Version 1:Because the record has an auto-increment column, the auto-increment column can be used as the unique identifier of the record. Therefore, the auto-increment ID of the duplicate record is an incremental relationship. Here we can keep only the record with the smallest ID, delete all others. Using a nested statement, you can easily write the following SQL statement. Sname and saddress indicate all columns except ID.
Delete from
Where id not in (select Min (ID)
From
Group by sname,
Saddress)
Version 2:Make full use of several practical features of sql05. Here we will briefly introduce several features to be used. For detailed usage, you can search online.
1: row_number, which is used to generate row numbers. The default value is from 1.

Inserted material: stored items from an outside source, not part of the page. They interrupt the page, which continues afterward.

lemma coplanar_disjoint_lines_parallel:
  assumes "three_ranked X L" "plane X L P" "\<Lambda> \<in> L" "B \<in> L" "\<Lambda> \<subseteq> P" "B \<subseteq> P"
    and "\<Lambda> \<inter> B = {}"
  shows "parallel X L \<Lambda> B"
  using plane_subset_flat_hull_point_line[OF assms(1,2)] assms(3-7)
  unfolding parallel_def subparallel_def by blast

lemma hyper_bolyaiE:
  assumes "hyper_bolyai X L" "plane X L P" "A \<in> L" "B \<in> L" "A \<subseteq> P" "B \<subseteq> P" "A \<noteq> B"
    and "z \<in> A" "z \<in> B" "p \<in> P" "p \<notin> B"
  obtains \<Lambda> u where "\<Lambda> \<in> L" "p \<in> \<Lambda>" "parallel X L \<Lambda> B" "\<Lambda> \<inter> A = {u}"
proof -
  have "P \<subseteq> X"
    using assms(2) unfolding plane_def flat_def by blast
  then have "\<exists>\<Lambda>\<in>L. p \<in> \<Lambda> \<and> parallel X L \<Lambda> B \<and> card (\<Lambda> \<inter> A) = 1"
    by (intro hyper_bolyai_def[THEN iffD1, rule_format, OF assms(1)]) (use assms in auto)
  then show ?thesis
    using that by (auto simp: card_1_singleton_iff)
qed

lemma hyper_bolyai_hyperaffine_triangle:
  assumes hb: "hyper_bolyai X L" and X: "x \<in> X" "y \<in> X" "z \<in> X"
    and xy: "x \<noteq> y" and z: "z \<notin> Line L x y"
    and p: "p \<in> Line L x y" "p \<notin> Line L z x" "p \<notin> Line L z y"
  shows "\<exists>u\<in>Line L z y. Line L u p \<inter> Line L z x = {}"
proof -
  have "z \<noteq> x" "z \<noteq> y"
    using z left_in_Line[OF X(1,2)] right_in_Line[OF X(1,2)] by auto
  then have lines: "Line L z y \<in> L" "Line L z x \<in> L"
    using Line_in_lines X by auto
  let ?P = "flat_hull X L {x, y, z}"
  have plane: "plane X L ?P"
    using plane_flat_hull_triangle[OF X xy z] .
  have in_plane: "Line L z y \<subseteq> ?P" "Line L z x \<subseteq> ?P" "p \<in> ?P"
    using Line_subset_flat_hull[of "{x, y, z}"] X p(1) by auto
  have "x \<notin> Line L z y"
    using not_in_Line_rotate[OF X xy z] Line_commute[OF X(2,3)] by simp
  then have "Line L z y \<noteq> Line L z x"
    using right_in_Line[OF X(3,1)] by blast
  then obtain \<Lambda> u where \<Lambda>: "\<Lambda> \<in> L" "p \<in> \<Lambda>" "parallel X L \<Lambda> (Line L z x)"
    and u: "\<Lambda> \<inter> Line L z y = {u}"
    using hyper_bolyaiE[OF hb plane lines in_plane(1,2) _ left_in_Line[OF X(3,2)]
        left_in_Line[OF X(3,1)] in_plane(3) p(2)] by blast
  have "Line L u p = \<Lambda>"
    using Line_eq_line[OF \<Lambda>(1) _ \<Lambda>(2)] u p(3) by blast
  moreover have "\<Lambda> \<inter> Line L z x = {}"
    using parallel_disjoint[OF \<Lambda>(3) lines(2) \<Lambda>(2) p(2)] .
  ultimately show ?thesis
    using u by blast
qed

lemma hyper_bolyai_hyperaffine:
  assumes hb: "hyper_bolyai X L"
  shows "hyperaffine X L"
  unfolding hyperaffine_def
proof (intro ballI)
  fix z x y p
  assume X: "z \<in> X" "x \<in> X" "y \<in> X" and p: "p \<in> Line L x y - Line L z x"
  show "\<exists>u\<in>Line L z y. Line L u p \<inter> Line L z x = {}"
  proof (cases "p \<in> Line L z y")
    case True
    then show ?thesis
      using p by (intro bexI[of _ p]) (auto simp: Line_self)
  next
    case False
    have xy: "x \<noteq> y"
      using p right_in_Line[OF X(1,2)] by (auto simp: Line_self)
    have "z \<notin> Line L x y"
    proof
      assume "z \<in> Line L x y"
      moreover have "z \<noteq> x"
        using p False by auto
      ultimately have "Line L z x = Line L x y"
        using Line_eq_line[OF Line_in_lines[OF X(2,3) xy] _ left_in_Line[OF X(2,3)]] by blast
      then show False
        using p by simp
    qed
    then show ?thesis
      using hyper_bolyai_hyperaffine_triangle[OF hb X(2,3,1) xy] p False by blast
  qed
qed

2: The common table expression (CTE). I will not use its recursion here, but use it to simplify nested queries and reference the table itself. The syntax of CTE is as follows:
[ < Common_table_expression > [, N]
< Common_table_expression > :: =
Expression_name [(column_name [, N])]
As
(Cte_query_definition)
Note: 1> in someProgramEquivalent to the table variable or temporary table function. However, compared with table variables, its biggest advantage is its reference. The CTE statement is followed by select, update, delete, and so on. The operation results will directly reflect the actual physical table. Compared with a temporary table, the biggest advantage is performance. A temporary table is actually a physical table. When operating on it, additional Io overhead and management overhead are generated.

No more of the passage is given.